Only the lines from the one with "(simp add: add_ac)" to the end of the data below should be given again, exactly as written.

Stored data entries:
..........

definition rays :: "('a \<Rightarrow> 'a \<Rightarrow> ereal) \<Rightarrow> ('a \<times> 'a) set \<Rightarrow> ('a \<times> 'a) set" where
  "rays d \<Delta> = {(x, y). \<exists>(w, z) \<in> \<Delta>. d w x + d x y + d y z = d w z}"

lemma transport_G_eq_rays: "transport_G d \<Gamma> = rays d (Gamma' d \<Gamma>)"
  by (simp add: transport_G_def rays_def)

lemma subset_rays: "ext_distance d \<Longrightarrow> \<Delta> \<subseteq> rays d \<Delta>"
  by (force simp: rays_def ext_distance_refl)

lemma broken_line_pieces_finite:
  assumes ed: "ext_distance d" and fin: "d w x + d x y + d y z < \<infinity>"
  shows "d w x < \<infinity>" "d x y < \<infinity>" "d y z < \<infinity>"
proof -
  have nn: "0 \<le> d a b" for a b by (rule ext_distance_nonneg[OF ed])
  have "d w x \<le> d w x + d x y + d y z" "d x y \<le> d w x + d x y + d y z" "d y z \<le> d w x + d x y + d y z"
    using nn by (simp_all add: add_increasing add_increasing2)
  with fin show "d w x < \<infinity>" "d x y < \<infinity>" "d y z < \<infinity>" by (meson order_le_less_trans)+
qed

lemma rays_finite:
  assumes ed: "ext_distance d" and fin: "\<Delta> \<subseteq> {(x, y). d x y < \<infinity>}"
  shows "rays d \<Delta> \<subseteq> {(x, y). d x y < \<infinity>}"
proof clarify
  fix x y assume "(x, y) \<in> rays d \<Delta>"
  then obtain w z where wz: "(w, z) \<in> \<Delta>" "d w x + d x y + d y z = d w z" by (auto simp: rays_def)
  from wz fin have "d w x + d x y + d y z < \<infinity>" by auto
  then show "d x y < \<infinity>" by (rule broken_line_pieces_finite(2)[OF ed])
qed

text \<open>Rays through a cyclically monotone set of finite cost form a cyclically monotone set:
  sliding each \<open>(x\<^sub>i, y\<^sub>i)\<close> out to its ray endpoints \<open>(w\<^sub>i, z\<^sub>i)\<close>, the inequality for the
  \<open>(w\<^sub>i, z\<^sub>i)\<close> and the triangle inequality give the one for the \<open>(x\<^sub>i, y\<^sub>i)\<close> after
  cancelling the finite costs \<open>\<Sum> d w\<^sub>i x\<^sub>i\<close> and \<open>\<Sum> d y\<^sub>i z\<^sub>i\<close>.\<close>
lemma rays_cyclically_monotone:
  assumes ed: "ext_distance d" and fin: "\<Delta> \<subseteq> {(x, y). d x y < \<infinity>}"
    and cm: "cyclically_monotone d \<Delta>"
  shows "cyclically_monotone d (rays d \<Delta>)"
  unfolding cyclically_monotone_def
proof (intro allI impI)
  fix n and x y :: "nat \<Rightarrow> 'a"
  assume "\<forall>i\<le>n. (x i, y i) \<in> rays d \<Delta>"
  then have "\<forall>i. \<exists>w z. i \<le> n \<longrightarrow> (w, z) \<in> \<Delta> \<and> d w (x i) + d (x i) (y i) + d (y i) z = d w z"
    by (force simp: rays_def)
  then obtain W Z where WZ: "\<And>i. i \<le> n \<Longrightarrow> (W i, Z i) \<in> \<Delta>"
      and geo: "\<And>i. i \<le> n \<Longrightarrow> d (W i) (x i) + d (x i) (y i) + d (y i) (Z i) = d (W i) (Z i)"
    by metis
  define s where "s i = (if i = n then 0 else Suc i)" for i
  have nn: "0 \<le> d a b" for a b by (rule ext_distance_nonneg[OF ed])
  have pieces: "d (W i) (x i) < \<infinity>" "d (y i) (Z i) < \<infinity>" if "i \<le> n" for i
  proof -
    have "d (W i) (x i) + d (x i) (y i) + d (y i) (Z i) < \<infinity>" using geo[OF that] WZ[OF that] fin by auto
    then show "d (W i) (x i) < \<infinity>" "d (y i) (Z i) < \<infinity>" by (rule broken_line_pieces_finite[OF ed])+
  qed
  define A where "A = (\<Sum>i\<le>n. d (W i) (x i))"
  define B where "B = (\<Sum>i\<le>n. d (x i) (y i))"
  define B' where "B' = (\<Sum>i\<le>n. d (x (s i)) (y i))"
  define C where "C = (\<Sum>i\<le>n. d (y i) (Z i))"
  have "A + B + C = (\<Sum>i\<le>n. d (W i) (Z i))"
    unfolding A_def B_def C_def by (simp add: geo flip: sum.distrib)
  also have "\<dots> \<le> (\<Sum>i\<le>n. d (W (s i)) (Z i))"
    using cm[unfolded cyclically_monotone_def, rule_format, of n W Z] WZ unfolding s_def by blast
  also have "\<dots> \<le> (\<Sum>i\<le>n. d (W (s i)) (x (s i)) + d (x (s i)) (y i) + d (y i) (Z i))"
    by (intro sum_mono ext_distance_triangle3[OF ed])
  also have "\<dots> = A + B' + C"
  proof -
    have "(\<Sum>i\<le>n. d (W (s i)) (x (s i))) = A"
      unfolding A_def s_def by (rule sum_cyclic_shift)
    then show ?thesis by (simp add: B'_def C_def sum.distrib)
  qed
  finally have "A + (C + B) \<le> A + (C + B')" by (simp add: add_ac)
  moreover have "0 \<le> A" "0 \<le> C" by (simp_all add: A_def C_def sum_nonneg nn)
  moreover have "A < \<infinity>" unfolding A_def using pieces(1) by (intro sum_ereal_finite) auto
  moreover have "C < \<infinity>" unfolding C_def using pieces(2) by (intro sum_ereal_finite) auto
  ultimately have "B \<le> B'" by (metis ereal_add_le_cancel_left)
  then show "(\<Sum>i\<le>n. d (x i) (y i)) \<le> (\<Sum>i\<le>n. d (x (if i = n then 0 else Suc i)) (y i))"
    unfolding B_def B'_def s_def .
qed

..........

■ FINAL ANSWER ■
  finally have "A + (C + B) \<le> A + (C + B')" by (simp add: add_ac)
  moreover have "0 \<le> A" "0 \<le> C" by (simp_all add: A_def C_def sum_nonneg nn)
  moreover have "A < \<infinity>" unfolding A_def using pieces(1) by (intro sum_ereal_finite) auto
  moreover have "C < \<infinity>" unfolding C_def using pieces(2) by (intro sum_ereal_finite) auto
  ultimately have "B \<le> B'" by (metis ereal_add_le_cancel_left)
  then show "(\<Sum>i\<le>n. d (x i) (y i)) \<le> (\<Sum>i\<le>n. d (x (if i = n then 0 else Suc i)) (y i))"
    unfolding B_def B'_def s_def .
qed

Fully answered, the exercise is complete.